- Provided records:
━━━━
lemma mult_trace_add: "mult_trace (a + b) = mult_trace a + mult_trace b"
proof -
  have "(\<cdot>) (a + b) = (\<lambda>v. a \<cdot> v + b \<cdot> v)"
    by (rule ext) simp
  then show ?thesis
    by (simp add: mult_trace_def trace_wrt_add)
qed

lemma mult_trace_diff: "mult_trace (a - b) = mult_trace a - mult_trace b"
proof -
  have "(\<cdot>) (a - b) = (\<lambda>v. a \<cdot> v - b \<cdot> v)"
    by (rule ext) simp
  then show ?thesis
    by (simp add: mult_trace_def trace_wrt_diff)
qed

lemma mult_trace_scaleR: "mult_trace (r *\<^sub>R a) = r * mult_trace a"
proof -
  have "(\<cdot>) (r *\<^sub>R a) = (\<lambda>v. r *\<^sub>R (a \<cdot> v))"
    by (rule ext) simp
  then show ?thesis
    by (simp add: mult_trace_def trace_wrt_scaleR)
qed

lemma mult_trace_derivation:
  assumes "derivation (\<cdot>) D"
  shows "mult_trace (D a) = 0"
proof -
  have "linear D" and "(\<cdot>) (D a) = (\<lambda>z. D (a \<cdot> z) - a \<cdot> D z)"
    using assms by (auto simp: derivation_def)
  then show ?thesis
    using trace_wrt_commute[OF \<open>linear D\<close> linear_mult_left]
    by (simp add: mult_trace_def trace_wrt_diff)
qed

lemma mult_trace_derivation_skew:
  assumes "derivation (\<cdot>) D"
  shows "mult_trace (D x \<cdot> y) = - mult_trace (x \<cdot> D y)"
  using mult_trace_derivation[OF assms, of "x \<cdot> y"] assms
  by (simp add: derivation_def mult_trace_add)

lemma mult_trace_idempotent_pos:
  assumes "c \<cdot> c = c" and "c \<noteq> 0"
  shows "0 < mult_trace c"
  unfolding mult_trace_def
  using trace_wrt_pos_if_peirce[OF linear_mult_left idempotent_peirce] assms by blast

lemma mult_trace_nondegenerate:
  assumes "w \<noteq> 0"
  obtains z where "mult_trace (w \<cdot> z) \<noteq> 0"
proof -
  obtain c l where "c \<noteq> 0" and "c \<cdot> c = c" and "w \<cdot> c = l *\<^sub>R c" and "l \<noteq> 0"
    using idempotent_eigenvector_exists[OF finite_dimensional assms] .
  then have "mult_trace (w \<cdot> c) \<noteq> 0"
    using mult_trace_idempotent_pos[of c] by (simp add: mult_trace_scaleR)
  then show thesis
    by (rule that)
qed

end

section \<open>2-local derivations\<close>

lemma two_local_derivation_scaleR:
  assumes "two_local_derivation m \<Delta>"
  shows "\<Delta> (r *\<^sub>R x) = r *\<^sub>R \<Delta> x"
proof -
  obtain D where "derivation m D" and "\<Delta> x = D x" and "\<Delta> (r *\<^sub>R x) = D (r *\<^sub>R x)"
    using assms unfolding two_local_derivation_def by blast
  then show ?thesis
    by (simp add: derivation_def linear_scale)
qed

context jordan
begin

lemma derivation_if_linear_two_local:
  assumes two_local: "two_local_derivation (\<cdot>) \<Delta>" and "linear \<Delta>"
  shows "derivation (\<cdot>) \<Delta>"
proof -
  have square: "\<Delta> (x \<cdot> x) = 2 *\<^sub>R (x \<cdot> \<Delta> x)" for x
  proof -
    obtain D where "derivation (\<cdot>) D" and "\<Delta> x = D x" and "\<Delta> (x \<cdot> x) = D (x \<cdot> x)"
      using two_local unfolding two_local_derivation_def by blast
    then show ?thesis
      by (simp add: derivation_def mult_commute[of "D x"] scaleR_2)
  qed
  have "\<Delta> (x \<cdot> y) = \<Delta> x \<cdot> y + x \<cdot> \<Delta> y" for x y
  proof -
    have "\<Delta> ((x + y) \<cdot> (x + y)) = 2 *\<^sub>R ((x + y) \<cdot> \<Delta> (x + y))"
      by (rule square)
    then have "2 *\<^sub>R \<Delta> (x \<cdot> y) = 2 *\<^sub>R (\<Delta> x \<cdot> y + x \<cdot> \<Delta> y)"
      using \<open>linear \<Delta>\<close>
      by (simp add: square linear_add linear_scale mult_commute[of y x] mult_commute[of y "\<Delta> x"]
          scaleR_2 algebra_simps)
    then show ?thesis
      by simp
  qed
  with \<open>linear \<Delta>\<close> show ?thesis
    by (simp add: derivation_def)
qed

end

context euclidean_jordan
begin

lemma two_local_derivation_add:
  assumes two_local: "two_local_derivation (\<cdot>) \<Delta>"
  shows "\<Delta> (x + y) = \<Delta> x + \<Delta> y"
proof (rule ccontr)
  have skew: "mult_trace (\<Delta> u \<cdot> z) = - mult_trace (u \<cdot> \<Delta> z)" for u z
  proof -
    obtain D where "derivation (\<cdot>) D" and "\<Delta> u = D u" and "\<Delta> z = D z"
      using two_local unfolding two_local_derivation_def by blast
    then show ?thesis
      using mult_trace_derivation_skew by simp
  qed
  assume "\<Delta> (x + y) \<noteq> \<Delta> x + \<Delta> y"
  then have "\<Delta> (x + y) - \<Delta> x - \<Delta> y \<noteq> 0"
    by (simp only: diff_diff_eq right_minus_eq) simp
  then obtain z where "mult_trace ((\<Delta> (x + y) - \<Delta> x - \<Delta> y) \<cdot> z) \<noteq> 0"
    by (rule mult_trace_nondegenerate)
  moreover have "mult_trace ((\<Delta> (x + y) - \<Delta> x - \<Delta> y) \<cdot> z) = 0"
    by (simp add: mult_trace_diff mult_trace_add skew)
  ultimately show False
    by contradiction
qed

theorem two_local_derivation_is_derivation:
  assumes "two_local_derivation (\<cdot>) \<Delta>"
  shows "derivation (\<cdot>) \<Delta>"
proof (rule derivation_if_linear_two_local[OF assms])
  show "linear \<Delta>"
    using two_local_derivation_add[OF assms] two_local_derivation_scaleR[OF assms]
    by (rule linearI)
qed

end

theorem theorem5p3:
  fixes m :: "'a::real_vector \<Rightarrow> 'a \<Rightarrow> 'a" and \<Delta> :: "'a \<Rightarrow> 'a"
  assumes "jordan_algebra m"
    and "finite_dimensional_space TYPE('a)"
    and "formally_real m"
    and "two_local_derivation m \<Delta>"
  shows "derivation m \<Delta>"
proof -
  obtain B :: "'a set" where "finite B" and "independent B" and "span B = UNIV"
    using finite_dimensional_space_basis[OF assms(2)] .
  then interpret euclidean_jordan m B
    using assms(1,3) by unfold_locales
  show ?thesis
    using two_local_derivation_is_derivation[OF assms(4)] .
qed

end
━━━━
- Instructions to follow: Copy the records above exactly.

- Answer area:
lemma mult_trace_add: "mult_trace (a + b) = mult_trace a + mult_trace b"
proof -
  have "(\<cdot>) (a + b) = (\<lambda>v. a \<cdot> v + b \<cdot> v)"
    by (rule ext) simp
  then show ?thesis
    by (simp add: mult_trace_def trace_wrt_add)
qed

lemma mult_trace_diff: "mult_trace (a - b) = mult_trace a - mult_trace b"
proof -
  have "(\<cdot>) (a - b) = (\<lambda>v. a \<cdot> v - b \<cdot> v)"
    by (rule ext) simp
  then show ?thesis
    by (simp add: mult_trace_def trace_wrt_diff)
qed

lemma mult_trace_scaleR: "mult_trace (r *\<^sub>R a) = r * mult_trace a"
proof -
  have "(\<cdot>) (r *\<^sub>R a) = (\<lambda>v. r *\<^sub>R (a \<cdot> v))"
    by (rule ext) simp
  then show ?thesis
    by (simp add: mult_trace_def trace_wrt_scaleR)
qed

lemma mult_trace_derivation:
  assumes "derivation (\<cdot>) D"
  shows "mult_trace (D a) = 0"
proof -
  have "linear D" and "(\<cdot>) (D a) = (\<lambda>z. D (a \<cdot> z) - a \<cdot> D z)"
    using assms by (auto simp: derivation_def)
  then show ?thesis
    using trace_wrt_commute[OF \<open>linear D\<close> linear_mult_left]
    by (simp add: mult_trace_def trace_wrt_diff)
qed

lemma mult_trace_derivation_skew:
  assumes "derivation (\<cdot>) D"
  shows "mult_trace (D x \<cdot> y) = - mult_trace (x \<cdot> D y)"
  using mult_trace_derivation[OF assms, of "x \<cdot> y"] assms
  by (simp add: derivation_def mult_trace_add)

lemma mult_trace_idempotent_pos:
  assumes "c \<cdot> c = c" and "c \<noteq> 0"
  shows "0 < mult_trace c"
  unfolding mult_trace_def
  using trace_wrt_pos_if_peirce[OF linear_mult_left idempotent_peirce] assms by blast

lemma mult_trace_nondegenerate:
  assumes "w \<noteq> 0"
  obtains z where "mult_trace (w \<cdot> z) \<noteq> 0"
proof -
  obtain c l where "c \<noteq> 0" and "c \<cdot> c = c" and "w \<cdot> c = l *\<^sub>R c" and "l \<noteq> 0"
    using idempotent_eigenvector_exists[OF finite_dimensional assms] .
  then have "mult_trace (w \<cdot> c) \<noteq> 0"
    using mult_trace_idempotent_pos[of c] by (simp add: mult_trace_scaleR)
  then show thesis
    by (rule that)
qed

end

section \<open>2-local derivations\<close>

lemma two_local_derivation_scaleR:
  assumes "two_local_derivation m \<Delta>"
  shows "\<Delta> (r *\<^sub>R x) = r *\<^sub>R \<Delta> x"
proof -
  obtain D where "derivation m D" and "\<Delta> x = D x" and "\<Delta> (r *\<^sub>R x) = D (r *\<^sub>R x)"
    using assms unfolding two_local_derivation_def by blast
  then show ?thesis
    by (simp add: derivation_def linear_scale)
qed

context jordan
begin

lemma derivation_if_linear_two_local:
  assumes two_local: "two_local_derivation (\<cdot>) \<Delta>" and "linear \<Delta>"
  shows "derivation (\<cdot>) \<Delta>"
proof -
  have square: "\<Delta> (x \<cdot> x) = 2 *\<^sub>R (x \<cdot> \<Delta> x)" for x
  proof -
    obtain D where "derivation (\<cdot>) D" and "\<Delta> x = D x" and "\<Delta> (x \<cdot> x) = D (x \<cdot> x)"
      using two_local unfolding two_local_derivation_def by blast
    then show ?thesis
      by (simp add: derivation_def mult_commute[of "D x"] scaleR_2)
  qed
  have "\<Delta> (x \<cdot> y) = \<Delta> x \<cdot> y + x \<cdot> \<Delta> y" for x y
  proof -
    have "\<Delta> ((x + y) \<cdot> (x + y)) = 2 *\<^sub>R ((x + y) \<cdot> \<Delta> (x + y))"
      by (rule square)
    then have "2 *\<^sub>R \<Delta> (x \<cdot> y) = 2 *\<^sub>R (\<Delta> x \<cdot> y + x \<cdot> \<Delta> y)"
      using \<open>linear \<Delta>\<close>
      by (simp add: square linear_add linear_scale mult_commute[of y x] mult_commute[of y "\<Delta> x"]
          scaleR_2 algebra_simps)
    then show ?thesis
      by simp
  qed
  with \<open>linear \<Delta>\<close> show ?thesis
    by (simp add: derivation_def)
qed

end

context euclidean_jordan
begin

lemma two_local_derivation_add:
  assumes two_local: "two_local_derivation (\<cdot>) \<Delta>"
  shows "\<Delta> (x + y) = \<Delta> x + \<Delta> y"
proof (rule ccontr)
  have skew: "mult_trace (\<Delta> u \<cdot> z) = - mult_trace (u \<cdot> \<Delta> z)" for u z
  proof -
    obtain D where "derivation (\<cdot>) D" and "\<Delta> u = D u" and "\<Delta> z = D z"
      using two_local unfolding two_local_derivation_def by blast
    then show ?thesis
      using mult_trace_derivation_skew by simp
  qed
  assume "\<Delta> (x + y) \<noteq> \<Delta> x + \<Delta> y"
  then have "\<Delta> (x + y) - \<Delta> x - \<Delta> y \<noteq> 0"
    by (simp only: diff_diff_eq right_minus_eq) simp
  then obtain z where "mult_trace ((\<Delta> (x + y) - \<Delta> x - \<Delta> y) \<cdot> z) \<noteq> 0"
    by (rule mult_trace_nondegenerate)
  moreover have "mult_trace ((\<Delta> (x + y) - \<Delta> x - \<Delta> y) \<cdot> z) = 0"
    by (simp add: mult_trace_diff mult_trace_add skew)
  ultimately show False
    by contradiction
qed

theorem two_local_derivation_is_derivation:
  assumes "two_local_derivation (\<cdot>) \<Delta>"
  shows "derivation (\<cdot>) \<Delta>"
proof (rule derivation_if_linear_two_local[OF assms])
  show "linear \<Delta>"
    using two_local_derivation_add[OF assms] two_local_derivation_scaleR[OF assms]
    by (rule linearI)
qed

end

theorem theorem5p3:
  fixes m :: "'a::real_vector \<Rightarrow> 'a \<Rightarrow> 'a" and \<Delta> :: "'a \<Rightarrow> 'a"
  assumes "jordan_algebra m"
    and "finite_dimensional_space TYPE('a)"
    and "formally_real m"
    and "two_local_derivation m \<Delta>"
  shows "derivation m \<Delta>"
proof -
  obtain B :: "'a set" where "finite B" and "independent B" and "span B = UNIV"
    using finite_dimensional_space_basis[OF assms(2)] .
  then interpret euclidean_jordan m B
    using assms(1,3) by unfold_locales
  show ?thesis
    using two_local_derivation_is_derivation[OF assms(4)] .
qed

end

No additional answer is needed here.